"Attention! No slaves will be permitted on the streets unless accompanied by a Swamja master! No quarter is to be given to the fugitives who blinded a guard! Capture them alive if possible—they must serve as an example. But show them no quarter!"
Lysla's face had paled. Vanning glanced at her, but said nothing. Things were bad enough as they were. Only Sanderson chuckled sardonically.
"Nice going, Vanning. How about Callahan now?"
The detective grunted. Zeeth panted, "I would—have preferred a—peaceful death. I do not—like torture."
Vanning felt a pang of sympathy for the fat little native. But he couldn't help him. Escape was the only chance.
"Here," Lysla gasped, pausing in the shadow of a tall building. "These outer houses are all deserted.
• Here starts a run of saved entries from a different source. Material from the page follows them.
(* Let $f:\mathbb{R}^\ell\times\mathbb{R}^m\to\mathbb{R}^\ell$ be $C^1$, let $\Lambda$ be a parameter shift with limits $\lambda_\pm$, and let $X$ define a stable path with endpoints $X_\pm$. For every sufficiently small $\epsilon>0$ there exists $S>0$ such that if $r>0$ and $N>0$ satisfy $rN>S$, then there is a unique solution $\{x_n\}$ of $x_{n+1}=f(x_n,\Lambda(rn))$ that stays within an $\epsilon$-neighborhood of $X_-$ for all $n\le -N$.
   Context: A parameter shift is a $C^1$ function $\Lambda:\mathbb{R}\to\mathbb{R}^m$ with $\lim_{s\to\pm\infty}\Lambda(s)=\lambda_\pm$ and $\lim_{s\to\pm\infty}\Lambda'(s)=0$. A stable path is given by $X:\mathbb{R}\to\mathbb{R}^\ell$ such that: $X(s)$ is a fixed point of $f(\cdot,\Lambda(s))$ for every $s$; $\{(s,X(s))\}$ is a connected curve; the limits $X_\pm=\lim_{s\to\pm\infty}X(s)$ exist and are fixed points of $f(\cdot,\lambda_\pm)$; and the spectral radius of $D_xf(X(s),\Lambda(s))$ is $<1$ for all $s\in\mathbb{R}\cup\{\pm\infty\}$ (with $X(\pm\infty)=X_\pm$, $\Lambda(\pm\infty)=\lambda_\pm$). A solution is a sequence $\{x_n\}$ satisfying $x_{n+1}=f(x_n,\Lambda(rn))$; $f(\cdot,\lambda)$ need not be invertible. *)

theory Defs
  imports "HOL-Analysis.Analysis"
begin

definition C1_map :: "('a::euclidean_space \<Rightarrow> 'b::euclidean_space) \<Rightarrow> bool" where
  "C1_map g \<longleftrightarrow> (\<exists>g' :: 'a \<Rightarrow> ('a \<Rightarrow>\<^sub>L 'b).
      (\<forall>z. (g has_derivative blinfun_apply (g' z)) (at z)) \<and> continuous_on UNIV g')"

definition parameter_shift ::
  "(real \<Rightarrow> 'm::euclidean_space) \<Rightarrow> 'm \<Rightarrow> 'm \<Rightarrow> bool" where
  "parameter_shift Lam lm lp \<longleftrightarrow> C1_map Lam \<and>
     (Lam \<longlongrightarrow> lm) at_bot \<and> (Lam \<longlongrightarrow> lp) at_top \<and>
     ((\<lambda>s. vector_derivative Lam (at s)) \<longlongrightarrow> 0) at_bot \<and>
     ((\<lambda>s. vector_derivative Lam (at s)) \<longlongrightarrow> 0) at_top"

definition complex_eigenvalues :: "real^'n^'n \<Rightarrow> complex set" where
  "complex_eigenvalues A = {\<mu>. \<exists>v :: complex^'n. v \<noteq> 0 \<and>
      (map_matrix complex_of_real A) *v v = \<mu> *s v}"

definition spectral_radius :: "real^'n^'n \<Rightarrow> real" where
  "spectral_radius A = Max (cmod ` complex_eigenvalues A)"

definition Dx :: "((real^'l) \<times> (real^'m) \<Rightarrow> real^'l) \<Rightarrow> real^'l \<Rightarrow> real^'m \<Rightarrow> real^'l^'l" where
  "Dx f x lam = matrix (\<lambda>h. (THE D. (f has_derivative D) (at (x, lam))) (h, 0))"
There's the gate."
Across a dim expanse of bare soil it loomed, a wall of metal rising high above their heads. Vanning stared.
"No guards. Maybe it's locked. Still ... I'm going out there. If there are any Swamja, they'll jump me. Then run like hell. Don't try to help."
Without waiting for an answer he sprinted across the clearing. At the door he paused, staring around. Nothing stirred. He heard nothing but the distant tumult from within the city. Looking back, he could see the faint elfin-lights glowing here and there, and the shining tube rising to the dome—the tube that was pouring out the North-Fever virus into the atmosphere of tortured, enslaved Venus.
And these were the gods of Venus, Vanning thought bitterly. Devils, rather!